Posted to issues@yunikorn.apache.org by "Manikandan R (Jira)" <ji...@apache.org> on 2022/03/18 16:50:00 UTC

[jira] [Commented] (YUNIKORN-1117) Use k8s Nodes condition to determine health of the node

    [ https://issues.apache.org/jira/browse/YUNIKORN-1117?page=com.atlassian.jira.plugin.system.issuetabpanels:comment-tabpanel&focusedCommentId=17508916#comment-17508916 ] 

Manikandan R commented on YUNIKORN-1117:
----------------------------------------

On digging deeper into this, learned that it is better to depend on "Taints and Tolerations" instead of "Conditions" as earlier one superseded the later because of its flexibility (Namespaces etc). For all conditions documented above, k8s automatically creates a taints against that particular node. Each taint has effect as well. Effects are NoSchedule, NoExecute etc. For example, For "Ready == false" condition, "node.kubernetes.io/not-ready" taint would be created against that node with NoSchedule effect. NoSchedule means that node should not be picked up for scheduling.

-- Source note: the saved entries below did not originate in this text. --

theorem theorem3:
  fixes D :: "'x measure" and pref :: "'x \<Rightarrow> 'y::countable \<Rightarrow> real"
    and \<beta> :: real and m :: nat
    and r rh :: "'x \<Rightarrow> 'y \<Rightarrow> real" and g gh :: "nat \<Rightarrow> 'x \<Rightarrow> 'y \<Rightarrow> real"
    and b :: "nat \<Rightarrow> real" and \<epsilon>r :: real and \<epsilon>g :: "nat \<Rightarrow> real"
    and pstar phat :: "'x \<Rightarrow> 'y \<Rightarrow> real"
  assumes D: "prob_space D"
    and pref: "policy D pref" and pref_pos: "\<forall>x y. pref x y > 0"
    and beta: "\<beta> > 0"
    and r: "bounded_fun r" "meas_fun D r"
    and g: "\<forall>j\<in>{1..m}. bounded_fun (g j) \<and> meas_fun D (g j)"
    and rh: "bounded_fun rh" "meas_fun D rh"
    and gh: "\<forall>j\<in>{1..m}. bounded_fun (gh j) \<and> meas_fun D (gh j)"
    and er: "\<epsilon>r \<ge> 0" "pair_err D pref r rh \<le> \<epsilon>r^2"
    and eg: "\<forall>j\<in>{1..m}. \<epsilon>g j \<ge> 0 \<and> pair_err D pref (g j) (gh j) \<le> (\<epsilon>g j)^2"
    and opt: "optimal_CA D pref \<beta> r m g b pstar"
    and opth: "optimal_CA D pref \<beta> rh m gh b phat"
    and sf: "strictly_feasible D pref m gh b"
    and pstar_feas: "feasible D pref m gh b pstar"
  shows "(objective D pref \<beta> r phat \<ge> objective D pref \<beta> r pstar
           - (sqrt_ereal (ereal (1/2) + D2 D phat pref) + sqrt_ereal (ereal (1/2) + D2 D pstar pref)) * ereal \<epsilon>r)
         \<and> (\<forall>j\<in>{1..m}. ereal (Epol D phat (g j) - Epol D pref (g j)) \<ge> ereal (b j)
           - (ereal (sqrt (1/2)) + sqrt_ereal (ereal (1/2) + D2 D phat pref)) * ereal (\<epsilon>g j))"
proof -
  have phat: "policy D phat" and phat_feasible: "\<forall>j\<in>{1..m}. b j \<le> Epol D phat (gh j) - Epol D pref (gh j)"
    using opth unfolding optimal_CA_def feasible_def by auto
  have pstar: "policy D pstar"
    using opt unfolding optimal_CA_def feasible_def by auto
  have "objective D pref \<beta> rh pstar \<le> objective D pref \<beta> rh phat"
    using opth pstar_feas unfolding optimal_CA_def by blast
  then have "objective D pref \<beta> r pstar
      - (sqrt_ereal (ereal (1/2) + D2 D phat pref) + sqrt_ereal (ereal (1/2) + D2 D pstar pref)) * ereal \<epsilon>r
      \<le> objective D pref \<beta> r phat"
    by (rule objective_lower_bound_of_estimated_optimal[OF D pref pref_pos phat pstar r rh er])
  moreover have "ereal (b j) - (ereal (sqrt (1/2)) + sqrt_ereal (ereal (1/2) + D2 D phat pref)) * ereal (\<epsilon>g j)
      \<le> ereal (Epol D phat (g j) - Epol D pref (g j))" if j: "j \<in> {1..m}" for j
    using g gh eg phat_feasible j
    by (intro constraint_lower_bound_of_estimated_feasible[OF D pref pref_pos phat, of "g j" "gh j"]) auto
  ultimately show ?thesis
    by blast
qed

end
lemma summable_Suc_mult_power_minus_2:
  fixes q :: real
  assumes "norm q < 1"
  shows "summable (\<lambda>m. real (Suc m) * q ^ (m - 2))"
proof -
  have "summable (\<lambda>m. real (Suc m) * q ^ m)"
    using termdiff_converges[of q 1 "\<lambda>_. 1"] assms by (simp add: diffs_def)
  then have "summable (\<lambda>m. real (Suc m) * q ^ m + 2 * q ^ m)"
    using assms by (intro summable_add summable_mult summable_geometric)
  then have "summable (\<lambda>m. real (Suc (m + 2)) * q ^ (m + 2 - 2))"
    by (simp add: algebra_simps)
  then show ?thesis
    by (rule summable_iff_shift[THEN iffD1])
qed

lemma exists_exit_step:
  fixes l :: "nat \<Rightarrow> 'a"
  assumes "l 0 = r" and "l n \<noteq> r"
  shows "\<exists>k<n. l k = r \<and> l (Suc k) \<noteq> r"
proof (rule ccontr)
  assume "\<not> ?thesis"
  then have "k \<le> n \<Longrightarrow> l k = r" for k
    using assms(1) by (induction k) auto
  with assms(2) show False by auto
qed

lemma taboo_path_in_states:
  "i \<in> {1..N} \<Longrightarrow> r \<in> {1..N} \<Longrightarrow> j \<in> {1..N} \<Longrightarrow> taboo_path i r j n k \<in> {1..N}"
  by (simp add: taboo_path_def)

context
  fixes N :: nat and K :: "real \<Rightarrow> nat \<Rightarrow> nat \<Rightarrow> real measure" and \<epsilon> :: real
  assumes kernel: "semi_markov_kernel N K" and eps: "\<epsilon> \<in> {0<..1}"
begin

lemma semi_markov_kernel_sets:
  "a \<in> {1..N} \<Longrightarrow> b \<in> {1..N} \<Longrightarrow> sets (K \<epsilon> a b) = sets borel"
  using kernel eps by (simp add: semi_markov_kernel_def)

lemma semi_markov_kernel_finite:
  "a \<in> {1..N} \<Longrightarrow> b \<in> {1..N} \<Longrightarrow> finite_measure (K \<epsilon> a b)"
  using kernel eps by (simp add: semi_markov_kernel_def)

lemma semi_markov_kernel_row_sum:
  "a \<in> {1..N} \<Longrightarrow> (\<Sum>b\<in>{1..N}. trans_prob K \<epsilon> a b) = 1"
  using kernel eps by (simp add: semi_markov_kernel_def trans_prob_def)
lemma integral_occupation_sum:
  fixes S :: "real \<Rightarrow> 'q::finite \<Rightarrow> real" and c :: "('q \<Rightarrow> real) \<Rightarrow> real"
  assumes "env \<in> measurable lborel (count_space UNIV)"
    and "\<And>q. (\<lambda>t. S t q) \<in> borel_measurable lborel"
  shows "integrable lborel (\<lambda>z. \<Sum>s\<in>A. indicator (occupation env S t e s) z * c s)"
    and "(LINT z|lborel. (\<Sum>s\<in>A. indicator (occupation env S t e s) z * c s))
           = (\<Sum>s\<in>A. measure lborel (occupation env S t e s) * c s)"
proof -
  have int: "integrable lborel (\<lambda>z. indicator (occupation env S t e s) z * c s)" for s
    by (intro integrable_mult_left integrable_real_indicator occupation_sets[OF assms]
        emeasure_occupation_finite)
  then show "integrable lborel (\<lambda>z. \<Sum>s\<in>A. indicator (occupation env S t e s) z * c s)"
    by auto
  show "(LINT z|lborel. (\<Sum>s\<in>A. indicator (occupation env S t e s) z * c s))
          = (\<Sum>s\<in>A. measure lborel (occupation env S t e s) * c s)"
    using int by (simp add: Bochner_Integration.integral_sum)
qed

lemma env_time_occupation:
  fixes S :: "real \<Rightarrow> 'q::finite \<Rightarrow> real"
  assumes "finite (Sset e)" "\<And>t. 0 \<le> t \<Longrightarrow> S t \<in> Sset (env t)"
    and "env \<in> measurable lborel (count_space UNIV)"
    and "\<And>q. (\<lambda>t. S t q) \<in> borel_measurable lborel"
  shows "(LINT z:{0..t}|lborel. indicator {z. env z = e} z)
           = (\<Sum>s\<in>Sset e. measure lborel (occupation env S t e s))"
proof -
  have "(LINT z:{0..t}|lborel. indicator {z. env z = e} z)
          = (LINT z|lborel. (\<Sum>s\<in>Sset e. indicator (occupation env S t e s) z * (1::real)))"
    using occupation_indicator_sum[where Sset=Sset and S=S and env=env and e=e and t=t
          and f="\<lambda>_. 1", OF assms(1,2)]
    by (simp add: set_lebesgue_integral_def)
  also have "\<dots> = (\<Sum>s\<in>Sset e. measure lborel (occupation env S t e s) * 1)"
    by (rule integral_occupation_sum(2)[where S=S, OF assms(3,4)])
  finally show ?thesis by simp
qed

We can do the changes in phase wise manner as described below:

Phase 1:

As part of handling NodeUpdate event, Shim should able to receive the \{{Taints}} info from \{{*v1.Node}} and passes it to core through \{{*si.NodeInfo}} to do 2 things: 1. Marking that node as "unschedulable" so it doesn't get picked for scheduling based on the taint effect 2. To update metrics. To do this, need to add few more fields in \{{*si.NodeInfo}} message as well.

Phase 2:

We can handle Tolerations in future phases if needed. Tolerations is all about how pods can tolerate these taints. Usually, pods don't need to tolerate the above discussed in-built or system based taints. A taint (User or Admin defined) could be used to prevent Pod (which doesn't require a GPU) from scheduling on GPU nodes.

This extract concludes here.